1. You have to try each location in the board is as a strating point. So 2d loop at the start is necessary.


2. We start from each character, and try to move in each possible direction until we can match the complete word. We use DFS for this.


3. When we know that we have seen the complete word, we mark found in global variable, and return True from main function.


4. Note that you cannot mark same location more than once so, we have to use visited 2d array to mark it as visited.


5. At times we may have gone in a wrong path and due to this we would have mark some locations useless as visited, we have unvisit them, if we see that id haven't lead to the answer. This is why this problem is backtracking + DFS.


C++ Implementation:

bool exist(vector<vector<char>>& board, string word) {
    for (unsigned int i = 0; i < board.size(); i++) 
        for (unsigned int j = 0; j < board[0].size(); j++) 
            if (dfs(board, i, j, word))
                return true;
    return false;
}

bool dfs(vector<vector<char>>& board, int i, int j, string& word) {
    if (!word.size())
        return true;
    if (i<0 || i>=board.size() || j<0 || j>=board[0].size() || board[i][j] != word[0])  
        return false;
    char c = board[i][j];
    board[i][j] = '*';
    string s = word.substr(1);
    bool ret = dfs(board, i-1, j, s) || dfs(board, i+1, j, s) || dfs(board, i, j-1, s) || dfs(board, i, j+1, s);
    board[i][j] = c;
    return ret;
}


Python Implementation:

class Solution:
    def exist(self, board, word):
        m = len(board)
        n = len(board[0])
        visited = [[False for _ in range(n)] for _ in range(m)]
        for i in range(m):
            for j in range(n):
                if board[i][j] == word[0]:
                    if self.valid(board, word, i, j, m, n, visited, 0):
                        return True
        
        return False
    def valid(self, board, word, i, j, m, n, visited, pos):
        if len(word) == pos:
            return True
        if i < 0 or i == m or j < 0 or j == n or visited[i][j] or word[pos] != board[i][j]:
            return False
        visited[i][j] = True
        res = self.valid(board, word, i, j + 1, m, n, visited, pos + 1)\
 or self.valid(board, word, i, j - 1, m, n, visited,pos + 1) or \
self.valid(board, word, i + 1, j, m, n, visited, pos + 1)\
 or self.valid(board, word, i - 1, j, m, n, visited, pos + 1)
        visited[i][j] = False
        return res
ob1 = Solution()
print(ob1.exist([["A","B","C","E"],["S","F","C","S"],["A","D","E","E"]], word = "ABCCED"))

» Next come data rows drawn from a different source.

(* Let $1\le k\le n$. There is no element $g\in\mathrm{Sp}(n,1)$ such that every element of $g\left(I_{n-k}\oplus\mathrm{Sp}(k,1)\right)g^{-1}$ has trace a complex number.
   Context: $\mathrm{Sp}(n,1)=\{A\in\mathrm{GL}(n+1,\mathbb H):A^*I_{n,1}A=I_{n,1}\}$ with $I_{n,1}=\mathrm{diag}(1,\dots,1,-1)$ ($n$ ones), $\mathbb H$ the quaternions. $I_{n-k}\oplus\mathrm{Sp}(k,1)$ denotes the subgroup of block-diagonal matrices $\mathrm{diag}(I_{n-k},B)$ with $I_{n-k}$ the identity matrix of size $n-k$ and $B\in\mathrm{Sp}(k,1)$ (defined analogously with $I_{k,1}$). The trace of a quaternionic matrix is the sum of its diagonal entries; "complex number" means an element of $\mathbb C=\mathbb R+\mathbb Ri\subset\mathbb H$. *)

theory Defs
  imports Complex_Main
begin

datatype quat = Quat (qRe: real) (qI: real) (qJ: real) (qK: real)

instantiation quat :: ring_1
begin
definition "0 = Quat 0 0 0 0"
definition "1 = Quat 1 0 0 0"
definition "x + y = Quat (qRe x + qRe y) (qI x + qI y) (qJ x + qJ y) (qK x + qK y)"
definition "x - y = Quat (qRe x - qRe y) (qI x - qI y) (qJ x - qJ y) (qK x - qK y)"
definition "- x = Quat (- qRe x) (- qI x) (- qJ x) (- qK x)"
text \<open>Hamilton product: i^2 = j^2 = k^2 = ijk = -1.\<close>
definition "x * y = Quat
   (qRe x * qRe y - qI x * qI y - qJ x * qJ y - qK x * qK y)
   (qRe x * qI y + qI x * qRe y + qJ x * qK y - qK x * qJ y)
   (qRe x * qJ y - qI x * qK y + qJ x * qRe y + qK x * qI y)
   (qRe x * qK y + qI x * qJ y - qJ x * qI y + qK x * qRe y)"
instance
  by standard (auto simp: zero_quat_def one_quat_def plus_quat_def minus_quat_def
      uminus_quat_def times_quat_def algebra_simps intro: quat.expand)
end

definition qcnj :: "quat \<Rightarrow> quat" where
  "qcnj x = Quat (qRe x) (- qI x) (- qJ x) (- qK x)"

definition is_complex_quat :: "quat \<Rightarrow> bool" where
  "is_complex_quat x \<longleftrightarrow> qJ x = 0 \<and> qK x = 0"

text \<open>An m x m quaternionic matrix is represented by a function
  nat \<Rightarrow> nat \<Rightarrow> quat whose entries vanish outside the index range {0..<m}.\<close>
type_synonym qmat = "nat \<Rightarrow> nat \<Rightarrow> quat"

definition qmat_of_size :: "nat \<Rightarrow> qmat \<Rightarrow> bool" where
  "qmat_of_size m A \<longleftrightarrow> (\<forall>i j. (m \<le> i \<or> m \<le> j) \<longrightarrow> A i j = 0)"

definition qmat_mult :: "nat \<Rightarrow> qmat \<Rightarrow> qmat \<Rightarrow> qmat" where
  "qmat_mult m A B = (\<lambda>i j. \<Sum>l<m. A i l * B l j)"

definition qmat_adj :: "qmat \<Rightarrow> qmat" where
  "qmat_adj A = (\<lambda>i j. qcnj (A j i))"

definition qmat_id :: "nat \<Rightarrow> qmat" where
  "qmat_id m = (\<lambda>i j. if i = j \<and> i < m then 1 else 0)"

definition qmat_trace :: "nat \<Rightarrow> qmat \<Rightarrow> quat" where
  "qmat_trace m A = (\<Sum>i<m. A i i)"

definition qmat_inverse_of :: "nat \<Rightarrow> qmat \<Rightarrow> qmat \<Rightarrow> bool" where
  "qmat_inverse_of m B A \<longleftrightarrow> qmat_of_size m B \<and>
     qmat_mult m A B = qmat_id m \<and> qmat_mult m B A = qmat_id m"

definition qGL :: "nat \<Rightarrow> qmat set" where
  "qGL m = {A. qmat_of_size m A \<and> (\<exists>B. qmat_inverse_of m B A)}"

definition I_n1 :: "nat \<Rightarrow> qmat" where
  "I_n1 n = (\<lambda>i j. if i = j \<and> i < n then 1 else if i = n \<and> j = n then -1 else 0)"

definition Sp_n1 :: "nat \<Rightarrow> qmat set" where
  "Sp_n1 n = {A \<in> qGL (n+1).
      qmat_mult (n+1) (qmat_mult (n+1) (qmat_adj A) (I_n1 n)) A = I_n1 n}"

definition block_embed :: "nat \<Rightarrow> nat \<Rightarrow> qmat \<Rightarrow> qmat" where
  "block_embed n k B = (\<lambda>i j.
      if i < n - k \<and> j < n - k then (if i = j then 1 else 0)
      else if n - k \<le> i \<and> n - k \<le> j \<and> i \<le> n \<and> j \<le> n
        then B (i - (n - k)) (j - (n - k))
      else 0)"

definition Sp_block :: "nat \<Rightarrow> nat \<Rightarrow> qmat set" where
  "Sp_block n k = block_embed n k ` Sp_n1 k"

end

theory Submission
  imports Defs
begin

(* Conjugating diag(1,...,1,u) by g, for a unit quaternion u, changes the trace by
   tau(u) = p u p' - (SUM i<n. a_i u a_i'), where (a_0,...,a_(n-1),p) is the last column of g
   and x' is the quaternionic conjugate (because g^-1 = I_n1 g^* I_n1).  Since tau is odd and
   all these traces are complex, the j-component of tau(u) vanishes for every unit u.  But the
   last column has hermitian norm -1, i.e. |p|^2 = 1 + (SUM i<n. |a_i|^2), and for the unit u
   that p rotates into j the j-component of tau(u) is at least |p|^2 - (SUM i<n. |a_i|^2) = 1. *)

definition quat_normsq :: "quat \<Rightarrow> real" where
  "quat_normsq x = qRe x ^ 2 + qI x ^ 2 + qJ x ^ 2 + qK x ^ 2"

lemma quat_sel_simps [simp]:
  "qRe 0 = 0" "qI 0 = 0" "qJ 0 = 0" "qK 0 = 0"
  "qRe 1 = 1" "qI 1 = 0" "qJ 1 = 0" "qK 1 = 0"
  "qRe (x + y) = qRe x + qRe y" "qI (x + y) = qI x + qI y"
  "qJ (x + y) = qJ x + qJ y" "qK (x + y) = qK x + qK y"
  "qRe (x - y) = qRe x - qRe y" "qI (x - y) = qI x - qI y"
  "qJ (x - y) = qJ x - qJ y" "qK (x - y) = qK x - qK y"
  "qRe (- x) = - qRe x" "qI (- x) = - qI x" "qJ (- x) = - qJ x" "qK (- x) = - qK x"
  "qRe (qcnj x) = qRe x" "qI (qcnj x) = - qI x" "qJ (qcnj x) = - qJ x" "qK (qcnj x) = - qK x"
  by (simp_all add: zero_quat_def one_quat_def plus_quat_def minus_quat_def uminus_quat_def
      qcnj_def)

lemma quat_mult_sel [simp]:
  "qRe (x * y) = qRe x * qRe y - qI x * qI y - qJ x * qJ y - qK x * qK y"
  "qI (x * y) = qRe x * qI y + qI x * qRe y + qJ x * qK y - qK x * qJ y"
  "qJ (x * y) = qRe x * qJ y - qI x * qK y + qJ x * qRe y + qK x * qI y"
  "qK (x * y) = qRe x * qK y + qI x * qJ y - qJ x * qI y + qK x * qRe y"
  by (simp_all add: times_quat_def)

lemma quat_eqI: "qRe x = qRe y \<Longrightarrow> qI x = qI y \<Longrightarrow> qJ x = qJ y \<Longrightarrow> qK x = qK y \<Longrightarrow> x = y"
  by (rule quat.expand) simp

lemma qcnj_0 [simp]: "qcnj 0 = 0"
  by (rule quat_eqI) simp_all

lemma qcnj_1 [simp]: "qcnj 1 = 1"
  by (rule quat_eqI) simp_all

lemma qRe_sum: "qRe (sum f A) = (\<Sum>x\<in>A. qRe (f x))"
  by (induction A rule: infinite_finite_induct) auto

lemma qJ_sum: "qJ (sum f A) = (\<Sum>x\<in>A. qJ (f x))"
  by (induction A rule: infinite_finite_induct) auto

lemma quat_normsq_nonneg: "quat_normsq x \<ge> 0"
  unfolding quat_normsq_def by simp

lemma quat_normsq_mult: "quat_normsq (x * y) = quat_normsq x * quat_normsq y"
  unfolding quat_normsq_def by simp algebra

lemma quat_normsq_cnj: "quat_normsq (qcnj x) = quat_normsq x"
  unfolding quat_normsq_def by simp

lemma quat_mult_cnj: "x * qcnj x = Quat (quat_normsq x) 0 0 0" "qcnj x * x = Quat (quat_normsq x) 0 0 0"
  by (auto intro!: quat_eqI simp: quat_normsq_def power2_eq_square algebra_simps)

lemma qJ_le_sqrt_normsq: "qJ x \<le> sqrt (quat_normsq x)"
  by (rule real_le_rsqrt) (simp add: quat_normsq_def)

lemma qJ_conj_unit_le:
  assumes "quat_normsq u = 1"
  shows "qJ (a * u * qcnj a) \<le> quat_normsq a"
  using qJ_le_sqrt_normsq[of "a * u * qcnj a"] assms
  by (simp add: quat_normsq_mult quat_normsq_cnj quat_normsq_nonneg)

lemma qJ_conj_rotated_j:
  "qJ (p * (Quat r 0 0 0 * (qcnj p * Quat 0 0 1 0 * p)) * qcnj p) = r * quat_normsq p ^ 2"
  unfolding quat_normsq_def by simp algebra

lemma exists_unit_qJ_conj_ge_1:
  assumes "quat_normsq p = 1 + (\<Sum>i\<in>I. quat_normsq (a i))"
  shows "\<exists>u. quat_normsq u = 1 \<and> 1 \<le> qJ (p * u * qcnj p) - (\<Sum>i\<in>I. qJ (a i * u * qcnj (a i)))"
proof -
  define N where "N = quat_normsq p"
  have N: "N \<ge> 1"
    using assms sum_nonneg[of I "\<lambda>i. quat_normsq (a i)"] quat_normsq_nonneg unfolding N_def by auto
  \<comment> \<open>u = p' j p / |p|^2 (with p' the conjugate), so that p u p' = |p|^2 j\<close>
  define u where "u = Quat (1 / N) 0 0 0 * (qcnj p * Quat 0 0 1 0 * p)"
  have u: "quat_normsq u = 1"
    using N by (simp add: u_def quat_normsq_mult quat_normsq_cnj N_def[symmetric])
      (simp add: quat_normsq_def power2_eq_square)
  have "qJ (p * u * qcnj p) = N"
    using N by (simp only: u_def qJ_conj_rotated_j N_def[symmetric]) (simp add: power2_eq_square)
  moreover have "(\<Sum>i\<in>I. qJ (a i * u * qcnj (a i))) \<le> (\<Sum>i\<in>I. quat_normsq (a i))"
    using u by (intro sum_mono qJ_conj_unit_le)
  ultimately show ?thesis
    using u assms unfolding N_def by force
qed

definition qdiag :: "nat \<Rightarrow> (nat \<Rightarrow> quat) \<Rightarrow> qmat" where
  "qdiag m d = (\<lambda>i j. if i = j \<and> i < m then d i else 0)"

lemma qmat_of_size_qdiag: "qmat_of_size m (qdiag m d)"
  unfolding qmat_of_size_def qdiag_def by auto

lemma qmat_mult_assoc:
  "qmat_mult m (qmat_mult m A B) C = qmat_mult m A (qmat_mult m B C)"
  unfolding qmat_mult_def
  by (intro ext) (auto simp: sum_distrib_left sum_distrib_right mult.assoc intro!: sum.swap[THEN trans])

Time Complexity: O(N * 3 ^ L). N is total number of cells in the board. L is the length of the word. 3 power because, we will have three sides to expand each time.

Space Complexity: O(m * n), because in worst case, the whold word length stack space would be used.

With this article at Logicmojo, you must have the complete idea of solving Word Search Board problem.